(Saved data entries)
lemma eigenvalue_complete_digraph_plus_one:
  assumes "eigenvalue (herm_adj n (complete_digraph n) + 1\<^sub>m n) \<mu>"
  shows "\<mu> = 0 \<or> \<mu> = of_nat n"
  using assms all_ones_mat_square
  unfolding herm_adj_complete_digraph_plus_one
  by (intro eigenvalue_mult_self_eq_smult[of _ n]) auto

text \<open>The relabelling-invariant form of \<open>Y_digraph\<close>: \<open>A\<close> plays the role of \<open>{0..<a}\<close>.\<close>

definition Y_shaped :: "nat \<Rightarrow> nat set \<Rightarrow> (nat \<times> nat) set \<Rightarrow> bool" where
  "Y_shaped n A E \<longleftrightarrow> (\<forall>u<n. \<forall>w<n. u \<noteq> w \<longrightarrow> ((u, w) \<in> E \<longleftrightarrow> u \<in> A \<or> w \<notin> A))"

definition switching :: "nat set \<Rightarrow> nat \<Rightarrow> complex" where
  "switching A u = (if u \<in> A then \<i> else 1)"

lemma herm_adj_Y_shaped:
  assumes "is_digraph n E" and "Y_shaped n A E" and "i < n" "j < n"
  shows "herm_adj n E $$ (i, j)
    = switching A i * herm_adj n (complete_digraph n) $$ (i, j) * cnj (switching A j)"
proof (cases "i = j")
  case True
  with assms show ?thesis
    by (simp add: herm_adj_index is_digraph_def complete_digraph_def)
next
  case False
  with assms have "(i, j) \<in> E \<longleftrightarrow> i \<in> A \<or> j \<notin> A" "(j, i) \<in> E \<longleftrightarrow> j \<in> A \<or> i \<notin> A"
    by (auto simp: Y_shaped_def)
  with False assms(3,4) show ?thesis
    by (auto simp: herm_adj_index complete_digraph_def switching_def)
qed

lemma H_spectrum_Y_shaped:
  assumes "is_digraph n E" and "Y_shaped n A E"
  shows "H_spectrum n E = H_spectrum n (complete_digraph n)"
proof -
  have "similar_mat (herm_adj n E) (herm_adj n (complete_digraph n))"
    using herm_adj_Y_shaped[OF assms]
    by (intro similar_mat_diagonal_unitary[where n = n and v = "switching A"]) (auto simp: switching_def)
  then show ?thesis
    by (simp add: H_spectrum_def char_poly_similar)
qed

lemma unimodular_rank_one_switching:
  assumes unimodular: "\<And>u. u < n \<Longrightarrow> v u \<in> {1, \<i>, - \<i>}"
    and no_minus_one: "\<And>u w. u < n \<Longrightarrow> w < n \<Longrightarrow> v u * cnj (v w) \<noteq> - 1"
  shows "\<exists>A \<subseteq> {0..<n}. \<forall>u<n. \<forall>w<n.
    v u * cnj (v w) = switching A u * cnj (switching A w)"
proof (cases "\<exists>w<n. v w = - \<i>")
  case True
  \<comment> \<open>then \<open>\<i>\<close> does not occur, as \<open>\<i> * cnj (- \<i>) = -1\<close>; the switching set describes \<open>\<i> * v\<close>\<close>
  then obtain w0 where w0: "w0 < n" "v w0 = - \<i>"
    by blast
  have v_cases: "v u = 1 \<or> v u = - \<i>" if "u < n" for u
    using unimodular[OF that] no_minus_one[OF that w0(1)] w0(2) by auto
  define A where "A = {u. u < n \<and> v u = 1}"
  have "v u * cnj (v w) = switching A u * cnj (switching A w)" if "u < n" "w < n" for u w
    using v_cases[OF that(1)] v_cases[OF that(2)] that by (auto simp: A_def switching_def)
  then show ?thesis
    by (intro exI[of _ A]) (auto simp: A_def)
next
  case False
  then have v_cases: "v u = 1 \<or> v u = \<i>" if "u < n" for u
    using unimodular[OF that] that by auto
  define A where "A = {u. u < n \<and> v u = \<i>}"
  have "v u * cnj (v w) = switching A u * cnj (switching A w)" if "u < n" "w < n" for u w
    using v_cases[OF that(1)] v_cases[OF that(2)] that by (auto simp: A_def switching_def)
  then show ?thesis
    by (intro exI[of _ A]) (auto simp: A_def)
qed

▶ _TO DO_:
Pull every line with the string "simp" from the data above.

▶ _ANSWER TO THE EXERCISE_:
    by (simp add: herm_adj_index is_digraph_def complete_digraph_def)
    by (auto simp: Y_shaped_def)
    by (auto simp: herm_adj_index complete_digraph_def switching_def)
    by (intro similar_mat_diagonal_unitary[where n = n and v = "switching A"]) (auto simp: switching_def)
    by (simp add: H_spectrum_def char_poly_similar)
    using v_cases[OF that(1)] v_cases[OF that(2)] that by (auto simp: A_def switching_def)
    by (intro exI[of _ A]) (auto simp: A_def)
    using v_cases[OF that(1)] v_cases[OF that(2)] that by (auto simp: A_def switching_def)
    by (intro exI[of _ A]) (auto simp: A_def)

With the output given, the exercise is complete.